Socket Hang Ups

At work we ran into the following situation. Let's say we have two microservices, A and B.

A calls B.

A -> B
A <- B

We use connection pooling, for performance gains (less TCP back and forth) and less network congestion in general.

After implementing connection pooling, we started experiencing intermittent socket hang up issues.

We eventually found out that we had a mismatch of timeouts between service A's HTTP client and service B. While service A would keep a connection open for 30s, service B would keep it open for 5s (the default in Node.js — we weren't even messing with this property).

So, service A would send a request, and after 5s of inactivity, service B would close the connection. For a time, if service A sends a request to service B, and uses that connection, it will get an ECONNRESET, which in Node.js, is reported with a socket hang up error message.

We need to set the timeouts so this never happens. It's best to have the client's keep alive timeout be slightly less than the server's — so it's the one closing inactive connections.

You Also Need Retries

For many of our use cases, we control the client and server. However, if you don't control the server (you're calling Stripe's API, for example), and you use connection pooling, you need to understand this can happen.

You can have intermittent ECONNRESET errors. And this is true independent of what language you're working in.
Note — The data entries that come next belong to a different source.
lemma det_nonzero_if_diag_dominant:
  fixes A :: "real mat"
  assumes A: "A \<in> carrier_mat n n"
    and dominant: "\<forall>i<n. (\<Sum>j\<in>{..<n}-{i}. \<bar>A $$ (i,j)\<bar>) < \<bar>A $$ (i,i)\<bar>"
  shows "det A \<noteq> 0"
proof
  assume "det A = 0"
  then obtain v where v: "v \<in> carrier_vec n" "v \<noteq> 0\<^sub>v n" "A *\<^sub>v v = 0\<^sub>v n"
    using det_0_iff_vec_prod_zero_field[OF A] by auto
  then have "0 < n" by (cases "n = 0") auto
  then obtain i where i: "i < n" and max: "\<forall>j<n. \<bar>v $ j\<bar> \<le> \<bar>v $ i\<bar>"
    using ex_argmax_lessThan[of n "\<lambda>j. \<bar>v $ j\<bar>"] by auto
  have "v $ i \<noteq> 0"
  proof
    assume "v $ i = 0"
    then have "v = 0\<^sub>v n" using max v(1) by (intro eq_vecI) fastforce+
    then show False using v(2) by simp
  qed
  have "(\<Sum>j<n. A $$ (i,j) * v $ j) = (A *\<^sub>v v) $ i"
    using i v(1) A by (simp add: scalar_prod_eq_sum[of _ n] row_def)
  then have "A $$ (i,i) * v $ i = - (\<Sum>j\<in>{..<n}-{i}. A $$ (i,j) * v $ j)"
    using v(3) i sum_lessThan_remove[OF i, of "\<lambda>j. A $$ (i,j) * v $ j"] by simp
  then have "\<bar>A $$ (i,i)\<bar> * \<bar>v $ i\<bar> = \<bar>\<Sum>j\<in>{..<n}-{i}. A $$ (i,j) * v $ j\<bar>"
    by (simp add: abs_mult[symmetric])
  also have "\<dots> \<le> (\<Sum>j\<in>{..<n}-{i}. \<bar>A $$ (i,j)\<bar> * \<bar>v $ i\<bar>)"
    by (rule order_trans[OF sum_abs], rule sum_mono)
      (use max in \<open>auto simp: abs_mult intro: mult_left_mono\<close>)
  also have "\<dots> < \<bar>A $$ (i,i)\<bar> * \<bar>v $ i\<bar>"
    using dominant i \<open>v $ i \<noteq> 0\<close> by (simp add: sum_distrib_right[symmetric])
  finally show False by simp
qed
definition linear_form :: "nat \<Rightarrow> ((nat \<Rightarrow> 'r::comm_ring_1) \<Rightarrow> 'r) \<Rightarrow> bool" where
  "linear_form N f \<longleftrightarrow>
     (\<forall>x y. f (\<lambda>l. x l + y l) = f x + f y) \<and> (\<forall>c x. f (\<lambda>l. c * x l) = c * f x) \<and>
     (\<forall>x x'. (\<forall>l<N. x l = x' l) \<longrightarrow> f x = f x')"

definition in_span :: "nat \<Rightarrow> ('w \<Rightarrow> nat \<Rightarrow> 'r::comm_ring_1) \<Rightarrow> 'w set \<Rightarrow> (nat \<Rightarrow> 'r) \<Rightarrow> bool" where
  "in_span N Lam S x \<longleftrightarrow> (\<exists>c. \<forall>l<N. x l = (\<Sum>u\<in>S. c u * Lam u l))"

lemma linear_map_add: "linear_map f \<Longrightarrow> f (\<lambda>l. x l + y l) = (\<lambda>k. f x k + f y k)"
  and linear_map_scale: "linear_map f \<Longrightarrow> f (\<lambda>l. c * x l) = (\<lambda>k. c * f x k)"
  unfolding linear_map_def by blast+

lemma linear_map_diff:
  assumes "linear_map f"
  shows "f (\<lambda>l. x l - y l) = (\<lambda>k. f x k - f y k)"
  using linear_map_add[OF assms, of x "\<lambda>l. (-1) * y l"] linear_map_scale[OF assms, of "-1" y]
  by simp

lemma linear_map_sum:
  assumes f: "linear_map f" and "finite S"
  shows "f (\<lambda>l. \<Sum>i\<in>S. c i * xs i l) = (\<lambda>k. \<Sum>i\<in>S. c i * f (xs i) k)"
  using \<open>finite S\<close>
proof (induction S rule: finite_induct)
  case empty
  then show ?case using linear_map_scale[OF f, of 0 "\<lambda>l. 0"] by simp
next
  case (insert a S)
  then show ?case
    using linear_map_add[OF f, of "\<lambda>l. c a * xs a l"] by (simp add: linear_map_scale[OF f])
qed

lemma linear_map_comp: "linear_map f \<Longrightarrow> linear_map g \<Longrightarrow> linear_map (\<lambda>x. f (g x))"
  unfolding linear_map_def by simp

lemma linear_map_matvec: "linear_map (matvec N P)"
  unfolding linear_map_def matvec_def
  by (auto simp: sum.distrib sum_distrib_left algebra_simps intro!: ext)

lemma matvec_cong: "(\<forall>l<N. x l = x' l) \<Longrightarrow> matvec N P x = matvec N P x'"
  unfolding matvec_def by (auto intro!: ext sum.cong)

lemma linear_form_add: "linear_form N f \<Longrightarrow> f (\<lambda>l. x l + y l) = f x + f y"
  and linear_form_scale: "linear_form N f \<Longrightarrow> f (\<lambda>l. c * x l) = c * f x"
  and linear_form_cong: "linear_form N f \<Longrightarrow> (\<forall>l<N. x l = x' l) \<Longrightarrow> f x = f x'"
  unfolding linear_form_def by blast+

lemma linear_form_zero: "linear_form N f \<Longrightarrow> f (\<lambda>l. 0) = 0"
  using linear_form_scale[of N f 0 "\<lambda>l. 0"] by simp

lemma linear_form_neg: "linear_form N f \<Longrightarrow> f (\<lambda>l. - x l) = - f x"
  using linear_form_scale[of N f "-1" x] by simp

lemma linear_form_diff: "linear_form N f \<Longrightarrow> f (\<lambda>l. x l - y l) = f x - f y"
  using linear_form_add[of N f x "\<lambda>l. - y l"] linear_form_neg[of N f y] by simp

lemma linear_form_sum:
  assumes f: "linear_form N f" and "finite S"
  shows "f (\<lambda>l. \<Sum>i\<in>S. c i * xs i l) = (\<Sum>i\<in>S. c i * f (xs i))"
  using \<open>finite S\<close>
proof (induction S rule: finite_induct)
  case empty
  then show ?case using linear_form_zero[OF f] by simp
next
  case (insert a S)
  then show ?case
    using linear_form_add[OF f, of "\<lambda>l. c a * xs a l"] by (simp add: linear_form_scale[OF f])
qed

lemma linear_form_uminus: "linear_form N f \<Longrightarrow> linear_form N (\<lambda>x. - f x)"
  and linear_form_minus: "linear_form N f \<Longrightarrow> linear_form N g \<Longrightarrow> linear_form N (\<lambda>x. f x - g x)"
  unfolding linear_form_def by (simp_all add: algebra_simps) metis

lemma linear_form_matvec:
  assumes "linear_form n f"
  shows "linear_form N (\<lambda>x. f (matvec N P x))"
  unfolding linear_form_def
  by (simp add: linear_map_add[OF linear_map_matvec] linear_map_scale[OF linear_map_matvec]
      linear_form_add[OF assms] linear_form_scale[OF assms]) (metis matvec_cong)

lemma linear_map_coordinate_expansion:
  fixes f g :: "(nat \<Rightarrow> 'r::comm_ring_1) \<Rightarrow> nat \<Rightarrow> 'r"
  assumes f: "linear_map f" and g: "linear_map g"
    and ker: "\<And>x. (\<forall>k<n. f x k = 0) \<Longrightarrow> (\<forall>k<n. g x k = 0)"
    and e: "\<And>k j. k < n \<Longrightarrow> j < n \<Longrightarrow> f (e k) j = (if j = k then 1 else 0)"
    and "j < n"
  shows "g x j = (\<Sum>k<n. g (e k) j * f x k)"
proof -
  define z where "z = (\<lambda>l. x l - (\<Sum>k<n. f x k * e k l))"
  have "f z i = 0" if "i < n" for i
  proof -
    have "(\<Sum>k<n. f x k * f (e k) i) = (\<Sum>k<n. if k = i then f x k else 0)"
      using that by (intro sum.cong) (auto simp: e)
    then show ?thesis using that
      by (simp add: z_def linear_map_diff[OF f] linear_map_sum[OF f])
  qed
  then have "g z j = 0" using ker \<open>j < n\<close> by blast
  moreover have "g z j = g x j - (\<Sum>k<n. f x k * g (e k) j)"
    by (simp add: z_def linear_map_diff[OF g] linear_map_sum[OF g])
  ultimately show ?thesis by (simp add: mult.commute)
qed

lemma surjective_unit_preimages:
  assumes "\<forall>y. \<exists>x. \<forall>k<n. f x k = y k"
  shows "\<exists>e. \<forall>k. \<forall>j<n. f (e k) j = (if j = k then 1 else 0)"
proof -
  have "\<exists>x. \<forall>j<n. f x j = (if j = k then 1 else 0)" for k
    using assms[rule_format, of "\<lambda>j. if j = k then 1 else 0"] .
  then show ?thesis by (rule choice[OF allI])
qed

lemma surjective_same_kernel_DJ:
  fixes f g :: "(nat \<Rightarrow> 'r::comm_ring_1) \<Rightarrow> nat \<Rightarrow> 'r"
  assumes f: "linear_map f" and g: "linear_map g"
    and surj_f: "\<forall>y. \<exists>x. \<forall>k<n. f x k = y k" and surj_g: "\<forall>y. \<exists>x. \<forall>k<n. g x k = y k"
    and ker: "\<And>x. (\<forall>k<n. f x k = 0) \<longleftrightarrow> (\<forall>k<n. g x k = 0)"
  shows "\<exists>A B. (\<forall>k<n. \<forall>l<n. (\<Sum>i<n. A k i * B i l) = (if k = l then 1 else 0)) \<and>
            (\<forall>k<n. \<forall>l<n. (\<Sum>i<n. B k i * A i l) = (if k = l then 1 else 0)) \<and>
            (\<forall>x. \<forall>k<n. g x k = matvec n A (f x) k)"
proof -
  obtain e where e: "\<forall>k. \<forall>j<n. f (e k) j = (if j = k then 1 else 0)"
    using surjective_unit_preimages[OF surj_f] by blast
  obtain e' where e': "\<forall>k. \<forall>j<n. g (e' k) j = (if j = k then 1 else 0)"
    using surjective_unit_preimages[OF surj_g] by blast
  have g_exp: "\<And>x j. j < n \<Longrightarrow> g x j = (\<Sum>k<n. g (e k) j * f x k)"
    by (rule linear_map_coordinate_expansion[OF f g]) (use ker e in blast)+
  have f_exp: "\<And>x j. j < n \<Longrightarrow> f x j = (\<Sum>k<n. f (e' k) j * g x k)"
    by (rule linear_map_coordinate_expansion[OF g f]) (use ker e' in blast)+
  show ?thesis
  proof (rule exI[of _ "\<lambda>j k. g (e k) j"], rule exI[of _ "\<lambda>j k. f (e' k) j"], intro conjI allI impI)
    fix k l assume "k < n" "l < n"
    then show "(\<Sum>i<n. g (e i) k * f (e' l) i) = (if k = l then 1 else 0)"
      using g_exp[of k "e' l"] e' by simp
  next
    fix k l assume "k < n" "l < n"
    then show "(\<Sum>i<n. f (e' i) k * g (e l) i) = (if k = l then 1 else 0)"
      using f_exp[of k "e l"] e by simp
  next
    fix x k assume "k < n"
    then show "g x k = matvec n (\<lambda>j k. g (e k) j) (f x) k"
      unfolding matvec_def using g_exp[of k x] by (simp add: mult.commute)
  qed
qed

lemma is_R_basis_coeffs_unique:
  assumes "is_R_basis n F \<mu>" and "\<forall>k<n. lincomb F c \<mu> k = lincomb F d \<mu> k"
  shows "\<forall>u\<in>F. c u = d u"
proof -
  have "\<forall>k<n. lincomb F (\<lambda>u. c u - d u) \<mu> k = 0"
    using assms(2) unfolding lincomb_def by (simp add: algebra_simps sum_subtractf)
  then show ?thesis using assms(1) unfolding is_R_basis_def by fastforce
qed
I like this comment on an issue opened in Node.js

It's very important to understand the limitation of keepAlive and keep in mind that a keepAlive request can fail even though everything seems "ok" (since the server may at anytime decide to kill what it considers is an unused connection).


In summary

  1. If you have control over the client and server's socket timeouts, set them so the clients is slightly less than the servers. We don't want the server to be the one closing an inactive connection first, as that causes ECONNRESET errors.
  2. When using connection pooling, the server can kill the connection at anytime, and so you should have a retry strategy.